序
魔王軍の城が落ち、退魔軍は人間の救出に当たっていた。
「誰か! 誰か返事をしろ!」
兵士は大声で呼びかけた。ただ一人で、ツタに閉じられた扉を蹴破る。
暗い部屋の中は、魔王軍の屋内農園だった。ツタがあふれる室内に、巨大な半透明の果実があちこちにぶらさがっている。
中には、人間が一人ずつ入れられていた。そこは液体で満たされ、まるで胎児を直接見ているような不気味さがある。

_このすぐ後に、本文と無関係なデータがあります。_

(* Let $0<m<M$, let $A\in\mathcal{B}(\mathcal{H})$ satisfy $mI\le A\le MI$, and let $\varphi:\mathcal{B}(\mathcal{H})\to\mathcal{B}(\mathcal{K})$ be a positive linear map with $\varphi(I)=I$. Then for $t<0$, \begin{align*} \frac{1}{K(m,M,t)}\varphi(A^t) &\le \frac{1}{K(m,M,t)}\varphi\left(\left(M^{A-m}m^{M-A}\right)^{\frac{t}{M-m}}\right)\\ &\le \varphi(A)^t\\ &\le \left(M^{\varphi(A)-m}m^{M-\varphi(A)}\right)^{\frac{t}{M-m}}\\ &\le K(m,M,t)\,\varphi(A^t), \end{align*} where $$K(m,M,t)=\frac{mM^{t}-Mm^{t}}{(t-1)(M-m)}\left(\frac{t-1}{t}\,\frac{M^t-m^t}{mM^t-Mm^t}\right)^{t}.$$
   Context: $\mathcal{H},\mathcal{K}$ are complex Hilbert spaces, $\mathcal{B}(\mathcal{H})$ the bounded operators on $\mathcal{H}$, and $X\le Y$ means $Y-X$ is positive semidefinite. Operator functions are defined by continuous functional calculus; for self-adjoint $X$ with spectrum in $[m,M]$, $\left(M^{X-m}m^{M-X}\right)^{\frac{t}{M-m}}$ denotes $g(X)$ with $g(x)=\left(M^{x-m}m^{M-x}\right)^{\frac{t}{M-m}}$. *)

theory Defs
  imports "HOL-Analysis.Analysis" "HOL-Computational_Algebra.Polynomial"
begin

class complex_hilbert = banach +
  fixes scaleC :: "complex \<Rightarrow> 'a \<Rightarrow> 'a"
    and cinner :: "'a \<Rightarrow> 'a \<Rightarrow> complex"
  assumes scaleC_of_real: "scaleC (complex_of_real r) x = scaleR r x"
    and scaleC_add_right: "scaleC a (x + y) = scaleC a x + scaleC a y"
    and scaleC_add_left: "scaleC (a + b) x = scaleC a x + scaleC b x"
    and scaleC_scaleC: "scaleC a (scaleC b x) = scaleC (a * b) x"
    and scaleC_one: "scaleC 1 x = x"
    and cinner_add_left: "cinner (x + y) z = cinner x z + cinner y z"
    and cinner_scaleC_left: "cinner (scaleC a x) y = cnj a * cinner x y"
    and cinner_commute: "cinner x y = cnj (cinner y x)"
    and norm_cinner: "norm x = sqrt (Re (cinner x x))"

text \<open>B(H): the bounded complex-linear operators on H.\<close>
definition bops :: "('a::complex_hilbert \<Rightarrow>\<^sub>L 'a) set" where
  "bops = {X. \<forall>c x. blinfun_apply X (scaleC c x) = scaleC c (blinfun_apply X x)}"

definition op_scaleC :: "complex \<Rightarrow> ('a::complex_hilbert \<Rightarrow>\<^sub>L 'a) \<Rightarrow> ('a \<Rightarrow>\<^sub>L 'a)" where
  "op_scaleC c X = Blinfun (\<lambda>x. scaleC c (blinfun_apply X x))"

definition self_adjoint :: "('a::complex_hilbert \<Rightarrow>\<^sub>L 'a) \<Rightarrow> bool" where
  "self_adjoint X \<longleftrightarrow> (\<forall>x y. cinner (blinfun_apply X x) y = cinner x (blinfun_apply X y))"

definition op_pos :: "('a::complex_hilbert \<Rightarrow>\<^sub>L 'a) \<Rightarrow> bool" where
  "op_pos X \<longleftrightarrow> (\<forall>x. Im (cinner x (blinfun_apply X x)) = 0 \<and> Re (cinner x (blinfun_apply X x)) \<ge> 0)"

definition op_le :: "('a::complex_hilbert \<Rightarrow>\<^sub>L 'a) \<Rightarrow> ('a \<Rightarrow>\<^sub>L 'a) \<Rightarrow> bool" where
  "op_le X Y \<longleftrightarrow> op_pos (Y - X)"

definition op_pow :: "('a::complex_hilbert \<Rightarrow>\<^sub>L 'a) \<Rightarrow> nat \<Rightarrow> ('a \<Rightarrow>\<^sub>L 'a)" where
  "op_pow X n = ((\<lambda>Y. X o\<^sub>L Y) ^^ n) id_blinfun"

definition op_poly :: "real poly \<Rightarrow> ('a::complex_hilbert \<Rightarrow>\<^sub>L 'a) \<Rightarrow> ('a \<Rightarrow>\<^sub>L 'a)" where
  "op_poly p X = (\<Sum>i\<le>degree p. coeff p i *\<^sub>R op_pow X i)"

text \<open>Real spectrum of an operator (for self-adjoint operators the spectrum is real).\<close>
definition real_spectrum :: "('a::complex_hilbert \<Rightarrow>\<^sub>L 'a) \<Rightarrow> real set" where
  "real_spectrum X = {r. \<not> bij (blinfun_apply (X - r *\<^sub>R id_blinfun))}"

text \<open>Continuous functional calculus for self-adjoint operators:
  \<open>g(X) = lim p_n(X)\<close> for any sequence of real polynomials \<open>p_n\<close> converging
  uniformly to g on the spectrum of X (Weierstrass).\<close>
definition opfun :: "(real \<Rightarrow> real) \<Rightarrow> ('a::complex_hilbert \<Rightarrow>\<^sub>L 'a) \<Rightarrow> ('a \<Rightarrow>\<^sub>L 'a)" where
  "opfun g X = (THE B. \<forall>p :: nat \<Rightarrow> real poly.
       uniform_limit (real_spectrum X) (\<lambda>n x. poly (p n) x) g sequentially \<longrightarrow>
       (\<lambda>n. op_poly (p n) X) \<longlonglongrightarrow> B)"

definition positive_unital_linear_map ::
  "(('a::complex_hilbert \<Rightarrow>\<^sub>L 'a) \<Rightarrow> ('b::complex_hilbert \<Rightarrow>\<^sub>L 'b)) \<Rightarrow> bool" where
  "positive_unital_linear_map \<phi> \<longleftrightarrow>
     (\<forall>X\<in>bops. \<phi> X \<in> bops) \<and>
     (\<forall>X\<in>bops. \<forall>Y\<in>bops. \<phi> (X + Y) = \<phi> X + \<phi> Y) \<and>
     (\<forall>X\<in>bops. \<forall>c. \<phi> (op_scaleC c X) = op_scaleC c (\<phi> X)) \<and>
     (\<forall>X\<in>bops. op_pos X \<longrightarrow> op_pos (\<phi> X)) \<and>
     \<phi> id_blinfun = id_blinfun"

definition Kconst :: "real \<Rightarrow> real \<Rightarrow> real \<Rightarrow> real" where
  "Kconst m M t = (m * M powr t - M * m powr t) / ((t - 1) * (M - m)) *
     ((t - 1) / t * ((M powr t - m powr t) / (m * M powr t - M * m powr t))) powr t"

end

theory Submission
  imports Defs "HOL-Computational_Algebra.Fundamental_Theorem_Algebra"
begin

(* Each of the four operator inequalities comes from a scalar inequality on [m, M]:
   for t < 0 and g(x) = (M^(x-m) m^(M-x))^(t/(M-m)) one has
   x^t \<le> g(x) \<le> \<alpha> x + \<beta> \<le> K x^t, where \<alpha> x + \<beta> is the chord of x^t
   (weighted AM-GM twice) and K is the least constant with the chord below K x^t
   (the curve K x^t touches the chord; Bernoulli's inequality).  Monotonicity of
   the continuous functional calculus turns these into operator inequalities for A
   and for \<phi>(A), whose spectrum again lies in [m, M]; linearity and unitality of \<phi>
   give \<phi>(\<beta> I + \<alpha> A) = \<beta> I + \<alpha> \<phi>(A), which links the two chains.

   Monotonicity of the functional calculus rests on the spectral lower bound
   p \<ge> c on the spectrum \<Longrightarrow> p(X) \<ge> c for real polynomials p.  The infimum a of the
   numerical range of p(X) makes p(X) - a not bounded below; factoring p - a into
   real linear and quadratic factors, with no linear factor vanishing on the
   spectrum, would make it bounded below unless a \<ge> c.  Passing from
   "not bijective" to "not bounded below" uses the Hellinger-Toeplitz theorem,
   proved with the Baire category theorem. *)

lemma cinner_add_right: "cinner x (y + z) = cinner x y + cinner x z"
  by (metis cinner_commute cinner_add_left complex_cnj_add)

lemma cinner_scaleC_right: "cinner x (scaleC a y) = a * cinner x y"
  by (metis cinner_commute cinner_scaleC_left complex_cnj_cnj complex_cnj_mult)

lemma cinner_zero_left [simp]: "cinner 0 y = 0"
  using cinner_add_left[of 0 0 y] by simp

lemma cinner_zero_right [simp]: "cinner x 0 = 0"
  using cinner_add_right[of x 0 0] by simp

lemma cinner_minus_left: "cinner (- x) y = - cinner x y"
  using cinner_add_left[of x "- x" y] by (simp add: eq_neg_iff_add_eq_0 add.commute)

lemma cinner_minus_right: "cinner x (- y) = - cinner x y"
  using cinner_add_right[of x y "- y"] by (simp add: eq_neg_iff_add_eq_0 add.commute)

lemma cinner_diff_left: "cinner (x - y) z = cinner x z - cinner y z"
  using cinner_add_left[of x "- y" z] by (simp add: cinner_minus_left)

lemma cinner_diff_right: "cinner x (y - z) = cinner x y - cinner x z"
  using cinner_add_right[of x y "- z"] by (simp add: cinner_minus_right)

lemma cinner_scaleR_left: "cinner (r *\<^sub>R x) y = of_real r * cinner x y"
  by (metis cinner_scaleC_left complex_cnj_complex_of_real scaleC_of_real)

lemma cinner_scaleR_right: "cinner x (r *\<^sub>R y) = of_real r * cinner x y"
  by (metis cinner_scaleC_right scaleC_of_real)

lemma Re_cinner_self: "Re (cinner x x) = (norm x)\<^sup>2"
proof -
  have "Re (cinner x x) \<ge> 0"
    by (metis norm_cinner norm_ge_zero real_sqrt_ge_0_iff)
  thus ?thesis
    using norm_cinner[of x] by simp
qed

lemma power2_norm_add: "(norm (x + y))\<^sup>2 = (norm x)\<^sup>2 + (norm y)\<^sup>2 + 2 * Re (cinner x y)"
proof -
  have "cinner (x + y) (x + y) = cinner x x + cinner y y + (cinner x y + cinner y x)"
    by (simp add: cinner_add_left cinner_add_right)
  moreover have "Re (cinner y x) = Re (cinner x y)"
    using cinner_commute[of y x] by simp
  ultimately show ?thesis
    by (simp flip: Re_cinner_self)
qed

lemma power2_norm_diff: "(norm (x - y))\<^sup>2 = (norm x)\<^sup>2 + (norm y)\<^sup>2 - 2 * Re (cinner x y)"
  using power2_norm_add[of x "- y"] by (simp add: cinner_minus_right)

lemma Re_cinner_le: "Re (cinner x y) \<le> norm x * norm y"
proof (cases "y = 0")
  case False
  define s where "s = Re (cinner x y) / (norm y)\<^sup>2"
  have ny: "norm y > 0"
    using False by simp
  have "0 \<le> (norm (x - s *\<^sub>R y))\<^sup>2"
    by simp
  also have "\<dots> = (norm x)\<^sup>2 + s\<^sup>2 * (norm y)\<^sup>2 - 2 * s * Re (cinner x y)"
    by (simp add: power2_norm_diff cinner_scaleR_right power_mult_distrib)
  also have "\<dots> = (norm x)\<^sup>2 - (Re (cinner x y))\<^sup>2 / (norm y)\<^sup>2"
    using ny by (simp add: s_def power2_eq_square field_simps)
  finally have "(Re (cinner x y))\<^sup>2 \<le> (norm x * norm y)\<^sup>2"
    using ny by (simp add: field_simps power_mult_distrib)
  thus ?thesis
    using abs_le_square_iff[of "Re (cinner x y)" "norm x * norm y"] by (simp add: abs_le_iff)
qed simp

lemma abs_Re_cinner_le: "\<bar>Re (cinner x y)\<bar> \<le> norm x * norm y"
  using Re_cinner_le[of x y] Re_cinner_le[of x "- y"] by (simp add: cinner_minus_right)

lemma norm_scaleC: "norm (scaleC c x) = cmod c * norm x"
proof -
  have "(norm (scaleC c x))\<^sup>2 = Re ((c * cnj c) * cinner x x)"
    by (simp add: cinner_scaleC_left cinner_scaleC_right mult_ac flip: Re_cinner_self)
  also have "\<dots> = (cmod c * norm x)\<^sup>2"
    by (simp add: complex_norm_square[symmetric] Re_cinner_self power_mult_distrib)
  finally show ?thesis
    by (simp add: power2_eq_iff_nonneg)
qed

lemma abs_Im_cinner_le: "\<bar>Im (cinner x y)\<bar> \<le> norm x * norm y"
  using abs_Re_cinner_le[of x "scaleC \<i> y"] by (simp add: cinner_scaleC_right norm_scaleC)

lemma bounded_bilinear_Re_cinner: "bounded_bilinear (\<lambda>x y. Re (cinner x y))"
proof (rule bounded_bilinear.intro)
  show "\<exists>K. \<forall>x y. norm (Re (cinner x y)) \<le> norm x * norm y * K"
    by (intro exI[of _ 1]) (simp add: abs_Re_cinner_le)
qed (simp_all add: cinner_add_left cinner_add_right cinner_scaleR_left cinner_scaleR_right)

lemma bounded_bilinear_Im_cinner: "bounded_bilinear (\<lambda>x y. Im (cinner x y))"
proof (rule bounded_bilinear.intro)
  show "\<exists>K. \<forall>x y. norm (Im (cinner x y)) \<le> norm x * norm y * K"
    by (intro exI[of _ 1]) (simp add: abs_Im_cinner_le)
qed (simp_all add: cinner_add_left cinner_add_right cinner_scaleR_left cinner_scaleR_right)

lemma scaleC_zero [simp]: "scaleC c 0 = 0"
  using scaleC_add_right[of c 0 0] by simp

lemma scaleC_minus: "scaleC c (- x) = - scaleC c x"
  using scaleC_add_right[of c x "- x"] by (simp add: eq_neg_iff_add_eq_0 add.commute)

lemma scaleC_diff: "scaleC c (x - y) = scaleC c x - scaleC c y"
  by (metis diff_conv_add_uminus scaleC_add_right scaleC_minus)

lemma scaleC_scaleR: "scaleC c (r *\<^sub>R x) = r *\<^sub>R scaleC c x"
  by (metis scaleC_of_real scaleC_scaleC mult.commute)

lemma bounded_linear_scaleC: "bounded_linear (scaleC c :: 'a::complex_hilbert \<Rightarrow> 'a)"
  by (rule bounded_linear_intro[of _ "cmod c"])
    (auto simp: scaleC_add_right scaleC_scaleR norm_scaleC)

section \<open>Bounded operators\<close>

lemmas blinfun_apply_arith = plus_blinfun.rep_eq minus_blinfun.rep_eq scaleR_blinfun.rep_eq
  uminus_blinfun.rep_eq zero_blinfun.rep_eq blinfun.add_right blinfun.diff_right
  blinfun.scaleR_right blinfun.minus_right

lemma bops_add: "X \<in> bops \<Longrightarrow> Y \<in> bops \<Longrightarrow> X + Y \<in> bops"
  by (simp add: bops_def blinfun_apply_arith scaleC_add_right)

lemma bops_diff: "X \<in> bops \<Longrightarrow> Y \<in> bops \<Longrightarrow> X - Y \<in> bops"
  by (simp add: bops_def blinfun_apply_arith scaleC_diff)

lemma bops_scaleR: "X \<in> bops \<Longrightarrow> r *\<^sub>R X \<in> bops"
  by (simp add: bops_def blinfun_apply_arith scaleC_scaleR)

lemma bops_id: "id_blinfun \<in> bops"
  by (simp add: bops_def)

lemma bops_zero: "0 \<in> bops"
  by (simp add: bops_def)

lemma bops_compose: "X \<in> bops \<Longrightarrow> Y \<in> bops \<Longrightarrow> X o\<^sub>L Y \<in> bops"
  by (simp add: bops_def)

lemma bops_closed:
  assumes lim: "Y \<longlonglongrightarrow> B" and Y: "\<And>n. Y n \<in> bops"
  shows "B \<in> bops"
  unfolding bops_def
proof (intro CollectI allI)
  fix c x
  have "(\<lambda>n. Y n (scaleC c x)) \<longlonglongrightarrow> B (scaleC c x)"
    by (intro blinfun.tendsto lim tendsto_const)
  moreover have "(\<lambda>n. Y n (scaleC c x)) = (\<lambda>n. scaleC c (Y n x))"
    using Y by (simp add: bops_def)
  moreover have "(\<lambda>n. scaleC c (Y n x)) \<longlonglongrightarrow> scaleC c (B x)"
    by (intro bounded_linear.tendsto[OF bounded_linear_scaleC] blinfun.tendsto lim tendsto_const)
  ultimately show "B (scaleC c x) = scaleC c (B x)"
    using LIMSEQ_unique by metis
qed

lemma self_adjointD: "self_adjoint X \<Longrightarrow> cinner (X x) y = cinner x (X y)"
  by (simp add: self_adjoint_def)

lemma self_adjoint_Im_cinner: "self_adjoint X \<Longrightarrow> Im (cinner x (X x)) = 0"
  by (metis self_adjointD cinner_commute Reals_cnj_iff complex_is_Real_iff)

lemma self_adjoint_Re_cinner_commute:
  assumes "self_adjoint X"
  shows "Re (cinner x (X y)) = Re (cinner y (X x))"
proof -
  have "cinner x (X y) = cnj (cinner y (X x))"
    using self_adjointD[OF assms, of x y] cinner_commute by metis
  thus ?thesis
    by simp
qed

兵士はナイフで、果実の皮を切り裂いた。液体が流れ出し、中の人間が床に落ちた。
「だめか……」
しかし、その者はすでに死んでいた。
「ひどい! これが魔王軍のやりかたか!」
ほかの者も同様だった。この果実に入れられた人間は、みな生命を吸われて死んでいた。それでも兵士は、ひとつひとつから人間を取り出していった。
そのうちに、奇妙な果実に当たった。ほかのものと違い、金色に光を帯びている。中には裸の幼女が丸まっていた。歳は五つか六つといったところだろうか。
「こんな子供まで……!」
兵士がこぶしを握りしめた瞬間、幼女の目が開いた。
「生きてる!?
兵士はすぐさま皮を切る。果実の中に手を突っ込み、幼女を引きずり出した。
「ゲホッ、ゴホッゴホッ」
「しっかり。しっかりして」
幼女を抱きかかえ、液体を吐かせる。
「おとうさん、おかあさん……」
「怖い思いをしたのね……もう大丈夫よ」
ベリンダは幼女をぎゅっと抱きしめる。幼女はベリンダの腕の中でつぶやいた。
「カイは? カイはどうなったの?」
「カイ? 誰かの名前?」
「カイ……」
そのまま彼女は、兵士にすがって泣き出した。すすり泣く声が、むなしく響いた。
「ベリンダ、生き残った者はいたか?」
兵士の名を呼んで、女将軍が入ってきた。
「生きているのは……この子だけです、ガデューカ将軍」
「そう……」
将軍は果実の林を見上げ、眉を寄せる。
「人間の生命を吸い出す装置か……悪趣味な。魔王は、人間なんか家畜としか思っていない。たとえ魔となった人間でも……」
幼女がブルリと震えた。兵士はあわてて、幼女を強く抱きしめた。
「大丈夫よ。子供は目を閉じて、何も聞かなくていい」
「うん……」
幼女は素直に目を閉じた。
アダマース暦四九四年、帝国退魔軍ウメルス隊、魔王軍領となっていた城を奪還。
オリュザの悲劇から、半年後のことだった。
初出:2013年癸巳09月23日
※作品の完成は2010年5月頃です。